QIARTERLY REPORT

Tegna 2Q Media Segment Rev Climbs 10%

The increase is attributed to gains in retrans, online and political ad money, the last of which was up 273% to $10.2 million.

Tegna this morning released second quarter results that included Media Segment revenues that were up 10% in the quarter to $459 million, driven by double-digit increases in retransmission revenues and online revenues and bolstered by $10.2 million of political advertising.

Media Segment 2Q revenue broken down by category:

  • Core (local and national) was down 0.6% to $267 million.
  • Political grew 273.1% to $10.2 million.
  • Retrans increased 33.2% to $146 million.
  • Online rose 11.9% to $32 million.

Media Segment operating expenses were $279.4 million compared to $239 million in the second quarter of 2015. The increase was due primarily to higher programming fees, continued investment in growth initiatives and a $6.9 million charge related to an early retirement program.

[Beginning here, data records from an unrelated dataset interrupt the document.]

lemma sum_abs_integral_diff_le:
  fixes F G :: "real \<Rightarrow> nat \<Rightarrow> real"
  assumes contF: "\<And>i. continuous_on UNIV (\<lambda>c. F c i)" and contG: "\<And>i. continuous_on UNIV (\<lambda>c. G c i)"
    and "a \<le> b" and bound: "\<And>c. c \<in> {a..b} \<Longrightarrow> (\<Sum>i<p. \<bar>F c i - G c i\<bar>) \<le> K"
  shows "(\<Sum>i<p. \<bar>integral {a..b} (\<lambda>c. F c i) - integral {a..b} (\<lambda>c. G c i)\<bar>) \<le> K * (b - a)"
proof -
  have integrable: "(\<lambda>c. F c i - G c i) integrable_on {a..b}"
    "(\<lambda>c. \<bar>F c i - G c i\<bar>) integrable_on {a..b}" for i
    by (auto intro!: integrable_continuous_interval continuous_intros
        continuous_on_subset[OF contF] continuous_on_subset[OF contG])
  have "(\<Sum>i<p. \<bar>integral {a..b} (\<lambda>c. F c i) - integral {a..b} (\<lambda>c. G c i)\<bar>)
      = (\<Sum>i<p. \<bar>integral {a..b} (\<lambda>c. F c i - G c i)\<bar>)"
    by (intro sum.cong refl arg_cong[where f = abs] integral_diff[symmetric])
      (auto intro!: integrable_continuous_interval continuous_on_subset[OF contF] continuous_on_subset[OF contG])
  also have "\<dots> \<le> (\<Sum>i<p. integral {a..b} (\<lambda>c. \<bar>F c i - G c i\<bar>))"
    by (intro sum_mono integral_norm_bound_integral[OF integrable, unfolded real_norm_def]) simp
  also have "\<dots> = integral {a..b} (\<lambda>c. \<Sum>i<p. \<bar>F c i - G c i\<bar>)"
    by (rule integral_sum[symmetric]) (auto intro: integrable)
  also have "\<dots> \<le> integral {a..b} (\<lambda>c. K)"
    by (rule integral_le) (auto intro!: integrable_sum integrable bound)
  also have "\<dots> = K * (b - a)" using \<open>a \<le> b\<close> by simp
  finally show ?thesis .
qed

lemma sum_abs_interval_average_diff_le:
  fixes F G :: "real \<Rightarrow> nat \<Rightarrow> real"
  assumes contF: "\<And>i. continuous_on UNIV (\<lambda>c. F c i)" and contG: "\<And>i. continuous_on UNIV (\<lambda>c. G c i)"
    and nonneg: "\<And>c i. 0 \<le> F c i" and sum1: "\<And>c. (\<Sum>i<p. F c i) = 1"
    and order: "lo' \<le> lo" "lo \<le> hi'" "hi' \<le> hi" "lo < hi" "lo' < hi'"
    and bound: "\<And>c. c \<in> {lo'..hi'} \<Longrightarrow> (\<Sum>i<p. \<bar>F c i - G c i\<bar>) \<le> K"
  shows "(\<Sum>i<p. \<bar>interval_average lo hi (\<lambda>c. F c i) - interval_average lo' hi' (\<lambda>c. G c i)\<bar>)
     \<le> \<bar>1 / (hi - lo) - 1 / (hi' - lo')\<bar> * (hi' - lo) + (hi - hi') / (hi - lo) + (lo - lo') / (hi' - lo') + K"
proof -
  define avg :: "real \<Rightarrow> real \<Rightarrow> (real \<Rightarrow> nat \<Rightarrow> real) \<Rightarrow> nat \<Rightarrow> real"
    where "avg a b H i = interval_average a b (\<lambda>c. H c i)" for a b H i
  have "(\<Sum>i<p. \<bar>avg lo' hi' F i - avg lo' hi' G i\<bar>)
      = (\<Sum>i<p. \<bar>integral {lo'..hi'} (\<lambda>c. F c i) - integral {lo'..hi'} (\<lambda>c. G c i)\<bar>) / (hi' - lo')"
    unfolding sum_divide_distrib using order
    by (intro sum.cong) (simp_all add: avg_def interval_average_def abs_divide flip: diff_divide_distrib)
  also have "\<dots> \<le> K * (hi' - lo') / (hi' - lo')"
    using order by (intro divide_right_mono sum_abs_integral_diff_le[OF contF contG _ bound]) auto
  also have "\<dots> = K" using order by simp
  finally have "(\<Sum>i<p. \<bar>avg lo' hi' F i - avg lo' hi' G i\<bar>) \<le> K" .
  moreover have "(\<Sum>i<p. \<bar>avg lo hi F i - avg lo' hi' G i\<bar>)
      \<le> (\<Sum>i<p. \<bar>avg lo hi F i - avg lo' hi' F i\<bar>) + (\<Sum>i<p. \<bar>avg lo' hi' F i - avg lo' hi' G i\<bar>)"
    by (subst sum.distrib[symmetric]) (intro sum_mono, linarith)
  ultimately show ?thesis
    using sum_abs_interval_average_shift_le[OF contF nonneg sum1 order] by (simp add: avg_def)
qed

lemma xmin_shift_bounds:
  assumes p: "p \<ge> 1" and shift: "\<And>i. i < p \<Longrightarrow> x i \<le> x' i \<and> x' i \<le> x i + \<delta>"
  shows "xmin p x \<le> xmin p x'" "xmin p x' \<le> xmin p x + \<delta>"
proof -
  have ne: "finite (y ` {..<p})" "y ` {..<p} \<noteq> {}" for y :: "nat \<Rightarrow> real"
    using p by (auto simp: lessThan_empty_iff)
  obtain j where j: "j < p" "x j = xmin p x"
    using Min_in[OF ne[of x]] unfolding xmin_def by auto
  obtain k where k: "k < p" "x' k = xmin p x'"
    using Min_in[OF ne[of x']] unfolding xmin_def by auto
  have "xmin p y \<le> y i" if "i < p" for y i
    unfolding xmin_def using ne that by auto
  then show "xmin p x \<le> xmin p x'" "xmin p x' \<le> xmin p x + \<delta>"
    using j k shift by (metis order.trans add_right_mono)+
qed

lemma softL_ge_two_thirds:
  assumes "p \<ge> 1" "0 < eps" "eps \<le> 1"
  shows "2 / 3 \<le> softL eps p"
proof -
  have "2 \<le> 2 * real p * (1 / eps)" using assms by (simp add: field_simps)
  then have "2 / 3 \<le> ln (2 * real p * (1 / eps))"
    using ln2_ge_two_thirds by (smt (verit) ln_le_cancel_iff)
  moreover have "1 \<le> 1 / eps" using assms by simp
  ultimately have "1 * (2 / 3) \<le> (1 / eps) * ln (2 * real p * (1 / eps))"
    using assms by (intro mult_mono) auto
  then show ?thesis by (simp add: softL_def)
qed

lemma pmf_softargmin:
  assumes p: "p \<ge> 1" and m: "xmin p y > 0" and L: "softL eps p > 0"
  shows "pmf (softargmin eps p y) i = (if i < p then
    interval_average (2 * softL eps p / xmin p y) (4 * softL eps p / xmin p y) (\<lambda>c. softmax p y c i) else 0)"
proof -
  define lo where "lo = 2 * softL eps p / xmin p y"
  define hi where "hi = 4 * softL eps p / xmin p y"
  have "lo < hi" using m L by (simp add: lo_def hi_def divide_strict_right_mono)
  have w: "softw eps p y j = (if j < p then interval_average lo hi (\<lambda>c. softmax p y c j) else 0)" for j
  proof -
    have "(LBINT c=lo..hi. exp (- c * y j) / (\<Sum>j<p. exp (- c * y j))) = integral {lo..hi} (\<lambda>c. softmax p y c j)"
      unfolding softmax_def[symmetric] using \<open>lo < hi\<close>
      by (intro interval_integral_eq_integral borel_integrable_atLeastAtMost' continuous_on_softmax) auto
    then show ?thesis
      unfolding softw_def Let_def lo_def[symmetric] hi_def[symmetric] interval_average_def by simp
  qed
  have "pmf (embed_pmf (softw eps p y)) = softw eps p y"
  proof (rule pmf_embed_pmf_finite[of "{..<p}"])
    show "0 \<le> softw eps p y j" for j
      unfolding w interval_average_def using \<open>lo < hi\<close>
      by (auto intro!: divide_nonneg_pos Henstock_Kurzweil_Integration.integral_nonneg
          integrable_continuous_interval continuous_on_softmax softmax_nonneg)
    show "sum (softw eps p y) {..<p} = 1"
      unfolding w interval_average_def using \<open>lo < hi\<close>
      by (simp add: sum_integral_probability_vector[OF continuous_on_softmax sum_softmax[OF p]]
          flip: sum_divide_distrib)
  qed (auto simp: w)
  moreover have "softargmin eps p y = embed_pmf (softw eps p y)" using m by (simp add: softargmin_def)
  ultimately show ?thesis by (simp add: w lo_def hi_def)
qed
lemma capacity_pow_plus: "r < 2 ^ k \<Longrightarrow> capacity (2 ^ k + r) = capacity (2 ^ k) + capacity r"
  using popcount_pow_plus[of r k] popcount_pow_plus[of 0 k] by (simp add: capacity_def)

text \<open>A budget m below 2^n splits between two subtrees of height n - 1 without losing
  capacity: the left one receives the leading digit (or everything), the right one the rest.\<close>
lemma capacity_split:
  assumes "m < 2 ^ n"
  defines "m\<^sub>1 \<equiv> min m (2 ^ n div 2)"
  shows "capacity m = capacity m\<^sub>1 + capacity (m - m\<^sub>1)" and "2 * m\<^sub>1 \<le> 2 ^ n" and "2 * (m - m\<^sub>1) \<le> 2 ^ n"
proof -
  show "2 * m\<^sub>1 \<le> 2 ^ n" by (auto simp: m\<^sub>1_def)
  have "capacity m = capacity m\<^sub>1 + capacity (m - m\<^sub>1) \<and> 2 * (m - m\<^sub>1) \<le> 2 ^ n"
  proof (cases "m \<le> 2 ^ n div 2")
    case True
    then show ?thesis by (simp add: m\<^sub>1_def)
  next
    case False
    then obtain k where n: "n = Suc k" using assms by (cases n) auto
    then have "m\<^sub>1 = 2 ^ k" and "m = 2 ^ k + (m - m\<^sub>1)" and "m - m\<^sub>1 < 2 ^ k"
      using False assms by (auto simp: m\<^sub>1_def)
    then show ?thesis using capacity_pow_plus[of "m - m\<^sub>1" k] n by simp
  qed
  then show "capacity m = capacity m\<^sub>1 + capacity (m - m\<^sub>1)" and "2 * (m - m\<^sub>1) \<le> 2 ^ n" by auto
qed

lemma binary_expansion: "m < 2 ^ n \<Longrightarrow> (\<Sum>k<n. int (m div 2 ^ k mod 2) * 2 ^ k) = int m"
proof (induction n arbitrary: m)
  case (Suc n)
  have "(\<Sum>k<n. int (m div 2 ^ Suc k mod 2) * 2 ^ Suc k)
        = 2 * (\<Sum>k<n. int (m div 2 div 2 ^ k mod 2) * 2 ^ k)"
    by (simp add: div_mult2_eq sum_distrib_left mult_ac)
  also have "\<dots> = 2 * int (m div 2)" using Suc by simp
  moreover have "int m = int (m mod 2) + 2 * int (m div 2)"
    by (metis mod_mult_div_eq of_nat_add of_nat_mult of_nat_numeral)
  ultimately show ?case unfolding sum.lessThan_Suc_shift by simp
qed simp

lemma binary_popcount: "m < 2 ^ n \<Longrightarrow> (\<Sum>k<n. int (m div 2 ^ k mod 2)) = int (popcount m)"
proof (induction n arbitrary: m)
  case (Suc n)
  have "(\<Sum>k<n. int (m div 2 ^ Suc k mod 2)) = int (popcount (m div 2))"
    using Suc by (simp add: div_mult2_eq)
  then show ?case unfolding sum.lessThan_Suc_shift using popcount_rec[of m] by simp
qed simp

lemma capacity_binary:
  assumes "m < 2 ^ n"
  shows "(\<Sum>k<n. int (m div 2 ^ k mod 2) * (2 ^ (k + 1) - 1)) = capacity m"
proof -
  have "(\<Sum>k<n. int (m div 2 ^ k mod 2) * (2 ^ (k + 1) - 1))
        = 2 * (\<Sum>k<n. int (m div 2 ^ k mod 2) * 2 ^ k) - (\<Sum>k<n. int (m div 2 ^ k mod 2))"
    by (simp add: sum_distrib_left sum_subtractf algebra_simps)
  then show ?thesis
    using binary_expansion[OF assms] binary_popcount[OF assms] by (simp add: capacity_def)
qed

definition real_capacity :: "real \<Rightarrow> int" where
  "real_capacity x = capacity (nat \<lfloor>x / 8\<rfloor>)"

lemma real_capacity_nonneg: "0 \<le> real_capacity x"
  by (simp add: real_capacity_def capacity_nonneg)

lemma real_capacity_mono: "x \<le> y \<Longrightarrow> real_capacity x \<le> real_capacity y"
  unfolding real_capacity_def by (intro capacity_mono nat_mono floor_mono divide_right_mono) simp_all

lemma real_capacity_superadd:
  assumes "0 \<le> x" "0 \<le> y" shows "real_capacity x + real_capacity y \<le> real_capacity (x + y)"
proof -
  have "nat \<lfloor>x / 8\<rfloor> + nat \<lfloor>y / 8\<rfloor> \<le> nat \<lfloor>(x + y) / 8\<rfloor>"
    using le_floor_add[of "x / 8" "y / 8"] assms by (simp add: add_divide_distrib nat_add_distrib[symmetric])
  then show ?thesis unfolding real_capacity_def using capacity_superadd capacity_mono order_trans by blast
qed

lemma real_capacity_pow: "real_capacity (2 ^ (n + 3)) = 2 * 2 ^ n - 1"
proof -
  have "(2::real) ^ (n + 3) / 8 = of_nat (2 ^ n)" by (simp add: power_add)
  then show ?thesis unfolding real_capacity_def by (simp only: floor_of_nat nat_int capacity_pow)
qed

fun subtree :: "nat \<Rightarrow> nat \<Rightarrow> nat set" where
  "subtree 0 i = {}"
| "subtree (Suc n) i = insert i (subtree n (2 * i) \<union> subtree n (2 * i + 1))"

lemma finite_subtree [simp]: "finite (subtree n i)"
  by (induction n arbitrary: i) auto

lemma subtree_ge: "j \<in> subtree n i \<Longrightarrow> i \<le> j"
  by (induction n arbitrary: i) force+

lemma subtree_ancestor: "j \<in> subtree n i \<Longrightarrow> \<exists>k. j div 2 ^ k = i"
proof (induction n arbitrary: i)
  case (Suc n)
  show ?case
  proof (cases "j = i")
    case False
    then obtain c where "j \<in> subtree n c" and "c div 2 = i" using Suc.prems by auto
    then obtain k where "j div 2 ^ k = c" using Suc.IH by blast
    then have "j div 2 ^ Suc k = i"
      using \<open>c div 2 = i\<close> by (simp add: div_mult2_eq power_Suc2 del: power_Suc)
    then show ?thesis by blast
  qed (metis div_by_1 power_0)
qed simp

text \<open>Sibling subtrees are disjoint, since the parent chain of a node is unique.\<close>
lemma subtrees_disjoint:
  assumes "0 < i" shows "subtree n (2 * i) \<inter> subtree n (2 * i + 1) = {}"
proof -
  have ancestor_le: "j div 2 ^ k \<le> a div 2" if "j div 2 ^ k' = a" "k' < k" for j a k k' :: nat
  proof -
    have "(2::nat) ^ k = 2 ^ k' * 2 * 2 ^ (k - Suc k')"
      using that(2) by (metis Suc_leI le_add_diff_inverse power_Suc2 power_add)
    then have "j div 2 ^ k = a div 2 div 2 ^ (k - Suc k')"
      using that(1) by (simp add: div_mult2_eq)
    then show ?thesis by simp
  qed
  have False if "j div 2 ^ k = 2 * i" "j div 2 ^ k' = 2 * i + 1" for j k k'
    using ancestor_le[OF that(1), of k'] ancestor_le[OF that(2), of k] that assms
    by (cases k k' rule: linorder_cases) auto
  then show ?thesis using subtree_ancestor by blast
qed

lemma root_notin_subtrees: "0 < i \<Longrightarrow> i \<notin> subtree n (2 * i) \<union> subtree n (2 * i + 1)"
  using subtree_ge[of i n "2 * i"] subtree_ge[of i n "2 * i + 1"] by auto

lemma card_subtree: "0 < i \<Longrightarrow> card (subtree n i) = 2 ^ n - 1"
proof (induction n arbitrary: i)
  case (Suc n)
  have "card (subtree (Suc n) i) = Suc (card (subtree n (2 * i)) + card (subtree n (2 * i + 1)))"
    using root_notin_subtrees[OF Suc.prems] subtrees_disjoint[OF Suc.prems]
    by (simp add: card_Un_disjoint)
  also have "\<dots> = 2 ^ Suc n - 1"
  proof -
    have "card (subtree n (2 * i)) = 2 ^ n - 1" "card (subtree n (2 * i + 1)) = 2 ^ n - 1"
      using Suc by simp_all
    moreover have "(1::nat) \<le> 2 ^ n" and "(2::nat) ^ Suc n = 2 * 2 ^ n" by simp_all
    ultimately show ?thesis by linarith
  qed
  finally show ?case .
qed simp
context
  fixes h :: "('h \<Rightarrow> 'h) \<Rightarrow> real"
  assumes h_add: "\<And>T U. T \<in> S \<Longrightarrow> U \<in> S \<Longrightarrow> h (T + U) = h T + h U"
    and h_smul: "\<And>r T. T \<in> S \<Longrightarrow> h (\<lambda>x. sc (complex_of_real r) (T x)) = r * h T"
begin

lemma complexification_add:
  assumes T: "T \<in> S" and U: "U \<in> S"
  shows "complexification h (T + U) = complexification h T + complexification h U"
proof -
  have "(\<lambda>x. sc \<i> ((T + U) x)) = (\<lambda>x. sc \<i> (T x)) + (\<lambda>x. sc \<i> (U x))"
    by (simp add: fun_eq_iff sc_add_right)
  then show ?thesis
    using add_mem[OF T U] h_add[OF T U] h_add[OF sc_mem[OF T] sc_mem[OF U]] T U
    by (simp add: complexification_def algebra_simps)
qed

lemma complexification_sc:
  assumes T: "T \<in> S"
  shows "complexification h (\<lambda>x. sc a (T x)) = a * complexification h T"
proof -
  define r where "r = Re a"
  define s where "s = Im a"
  have a: "a = complex_of_real r + \<i> * complex_of_real s" by (simp add: r_def s_def complex_eq_iff)
  have iT: "(\<lambda>x. sc \<i> (T x)) \<in> S" by (rule sc_mem[OF T])
  have "(\<lambda>x. sc a (T x)) = (\<lambda>x. sc (complex_of_real r) (T x)) + (\<lambda>x. sc (complex_of_real s) (sc \<i> (T x)))"
    by (simp add: fun_eq_iff a sc_add_left sc_sc mult.commute)
  then have h1: "h (\<lambda>x. sc a (T x)) = r * h T + s * h (\<lambda>x. sc \<i> (T x))"
    using h_add[OF sc_mem[OF T] sc_mem[OF iT]] h_smul[OF T] h_smul[OF iT] by simp
  have "(\<lambda>x. sc \<i> (sc a (T x)))
      = (\<lambda>x. sc (complex_of_real r) (sc \<i> (T x))) + (\<lambda>x. sc (complex_of_real (- s)) (T x))"
    by (simp add: fun_eq_iff a sc_sc sc_add_left[symmetric] algebra_simps)
  then have h2: "h (\<lambda>x. sc \<i> (sc a (T x))) = r * h (\<lambda>x. sc \<i> (T x)) - s * h T"
    using h_add[OF sc_mem[OF iT] sc_mem[OF T]] h_smul[OF T, of "- s"] h_smul[OF iT] by simp
  show ?thesis
    using T sc_mem[OF T] h1 h2 by (simp add: complexification_def a complex_eq_iff algebra_simps)
qed

text \<open>Rotating T by the phase of its value reduces the bound to one on the real part.\<close>

lemma norm_complexification_le:
  assumes bound: "\<And>T. T \<in> S \<Longrightarrow> h T \<le> opnorm ip T" and T: "T \<in> S"
  shows "cmod (complexification h T) \<le> opnorm ip T"
proof (cases "complexification h T = 0")
  case True
  then show ?thesis using opnorm_nonneg[OF bounded_op_mem[OF T]] by simp
next
  case False
  define z where "z = complexification h T"
  define c where "c = cnj z / complex_of_real (cmod z)"
  have z: "cmod z > 0" using False unfolding z_def by simp
  have "c * z = (z * cnj z) / complex_of_real (cmod z)" unfolding c_def by (simp add: mult.commute)
  also have "z * cnj z = complex_of_real ((cmod z)\<^sup>2)" by (rule complex_norm_square[symmetric])
  finally have cz: "c * z = complex_of_real (cmod z)" using z by (simp add: power2_eq_square)
  have c: "cmod c = 1" unfolding c_def using z by (simp add: norm_divide)
  have "cmod z = Re (complexification h (\<lambda>x. sc c (T x)))"
    using complexification_sc[OF T] cz unfolding z_def by simp
  also have "\<dots> = h (\<lambda>x. sc c (T x))" by (rule Re_complexification[OF sc_mem[OF T]])
  also have "\<dots> \<le> opnorm ip (\<lambda>x. sc c (T x))" by (rule bound[OF sc_mem[OF T]])
  also have "\<dots> \<le> opnorm ip T" using opnorm_sc_le[OF bounded_op_mem[OF T], of c] c by simp
  finally show ?thesis unfolding z_def .
qed

lemma complexification_in_quasistates:
  assumes bound: "\<And>T. T \<in> S \<Longrightarrow> h T \<le> opnorm ip T"
    and vanish: "\<And>m. m \<in> pos_span \<Longrightarrow> h m = 0"
  shows "complexification h \<in> quasistates sc ip S"
    and "\<And>p. p \<in> pos_cone ip S \<Longrightarrow> complexification h p = 0"
proof -
  show pos: "complexification h p = 0" if p: "p \<in> pos_cone ip S" for p
  proof -
    have "p \<in> pos_span" "(\<lambda>x. sc \<i> (p x)) \<in> pos_span"
      using pos_diff_mem_pos_span[OF p zero_mem_pos_cone] by simp_all
    then show ?thesis using vanish pos_cone_subset p by (auto simp: complexification_def)
  qed
  show "complexification h \<in> quasistates sc ip S"
    unfolding quasistates_def
  proof (intro CollectI conjI allI ballI impI)
    show "complexification h T = 0" if "T \<notin> S" for T
      using that by (simp add: complexification_def)
    show "complexification h (\<lambda>x. T x + U x) = complexification h T + complexification h U"
      if "T \<in> S" "U \<in> S" for T U
      using complexification_add[OF that] by (simp add: plus_fun_def)
    show "complexification h (\<lambda>x. sc a (T x)) = a * complexification h T" if "T \<in> S" for a T
      by (rule complexification_sc[OF that])
    show "cmod (complexification h T) \<le> opnorm ip T" if "T \<in> S" for T
      by (rule norm_complexification_le[OF bound that])
    show "Im (complexification h p) = 0" "0 \<le> Re (complexification h p)"
      if "p \<in> pos_cone ip S" for p
      using pos[OF that] by simp_all
  qed
qed

end

theorem approx_pos_generated_if_separates_points:
  assumes sep: "separates_points (pos_cone ip S) (quasistates sc ip S)"
  shows "approx_pos_generated ip S"
proof (rule ccontr)
  assume "\<not> approx_pos_generated ip S"
  then obtain T0 e where T0: "T0 \<in> sa_part ip S" and e: "e > 0"
    and far: "\<And>p q. p \<in> pos_cone ip S \<Longrightarrow> q \<in> pos_cone ip S \<Longrightarrow> e \<le> opnorm ip (T0 - (p - q))"
    unfolding approx_pos_generated_def fun_diff_def by (auto simp: not_less)
  have T0S: "T0 \<in> S" using T0 unfolding sa_part_def by blast
  obtain h where "h T0 = e" and vanish: "\<And>m. m \<in> pos_span \<Longrightarrow> h m = 0"
    and bound: "\<And>T. T \<in> S \<Longrightarrow> h T \<le> opnorm ip T"
    and add: "\<And>T U. T \<in> S \<Longrightarrow> U \<in> S \<Longrightarrow> h (T + U) = h T + h U"
    and smul: "\<And>r T. T \<in> S \<Longrightarrow> h (\<lambda>x. sc (complex_of_real r) (T x)) = r * h T"
    using exists_functional_vanishing_on_pos_span[OF T0S e opnorm_diff_pos_span_ge[OF T0 far]]
    by blast
  note \<psi> = complexification_in_quasistates[OF add smul bound vanish]
  have "complexification h \<noteq> (\<lambda>_. 0)"
  proof
    assume "complexification h = (\<lambda>_. 0)"
    then have "h T0 = 0" using Re_complexification[OF T0S, of h] by simp
    then show False using \<open>h T0 = e\<close> e by simp
  qed
  then have "\<exists>p\<in>pos_cone ip S. complexification h p \<noteq> 0"
    using sep \<psi>(1) zero_in_quasistates unfolding separates_points_def by blast
  then show False using \<psi>(2) by blast
qed

end

theorem proposition8p2:
  fixes sc :: "complex \<Rightarrow> 'h::ab_group_add \<Rightarrow> 'h"
    and ip :: "'h \<Rightarrow> 'h \<Rightarrow> complex"
    and S :: "('h \<Rightarrow> 'h) set"
  assumes "operator_system sc ip S"
  shows "approx_pos_generated ip S \<longleftrightarrow> separates_points (pos_cone ip S) (quasistates sc ip S)"
proof -
  interpret opsys sc ip S
    using assms by unfold_locales (simp_all add: operator_system_def)
  show ?thesis
    using separates_points_if_approx_pos_generated approx_pos_generated_if_separates_points by blast
qed

end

Digital Segment 2Q revenue was up 3.9% to $352.8 million, driven by continued revenue growth at Cars.com of $8.4 million and a return to revenue growth at CareerBuilder with an increase of $4.7 million partially offset by the impact of the sale of Tegna’s PointRoll business in late 2015.

Gracia Martore, president-CEO, said: “We are pleased to have achieved strong performances across all of our businesses in the second quarter, which resulted in revenue growth of 7% and a substantial year-over-year increase in earnings per share. Continued growth in retransmission, political and digital revenues in the Media Segment drove segment growth of 10%.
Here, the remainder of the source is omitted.